Dataset entries:
definition terminal_edges :: "'a list set \<Rightarrow> ('a \<times> 'a) set" where
  "terminal_edges \<P> = (\<lambda>p. (last (butlast p), last p)) ` \<P>"

end

theory Submission
  imports Defs
begin

text \<open>
  Every path \<open>q \<in> \<Q>\<close> is cut at most once, at a vertex \<open>x \<noteq> y\<close> lying on some path \<open>p \<in> \<P>\<close>.
  The new system consists of the spliced paths that follow \<open>p\<close> up to \<open>x\<close> and then \<open>q\<close> from \<open>x\<close>
  on, the paths of \<open>\<Q>\<close> without cut and the paths of \<open>\<P>\<close> carrying no cut. It is an
  \<open>(X,y)\<close>-path-system provided (i) no vertex \<open>\<noteq> y\<close> of a kept tail of a path of \<open>\<Q>\<close> lies on a
  path of \<open>\<P>\<close> strictly before all cuts of that path, and (ii) no path of \<open>\<P>\<close> carries two cuts.

  Cutting every \<open>q\<close> at its last vertex in \<open>V(\<P>) - {y}\<close> gives (i). If two cuts \<open>x\<^sub>1\<close>, \<open>x\<^sub>2\<close>
  lie on one \<open>p\<close>, \<open>x\<^sub>1\<close> before \<open>x\<^sub>2\<close>, move the cut of the path through \<open>x\<^sub>2\<close> back to its
  previous vertex in \<open>V(\<P>) - {y}\<close>, or drop it: (i) survives because \<open>x\<^sub>1\<close> still precedes
  everything that followed \<open>x\<^sub>2\<close> on \<open>p\<close>, and the total position of the cuts decreases.
  A cut assignment satisfying (i) with least total position therefore also satisfies (ii).
\<close>

definition index :: "'a list \<Rightarrow> 'a \<Rightarrow> nat" where
  "index xs a = length (takeWhile (\<lambda>u. u \<noteq> a) xs)"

### PROBLEM TO WORK ON
Every line in the records above that has "index" counts once. Give the total and nothing else.

### THE ANSWER
2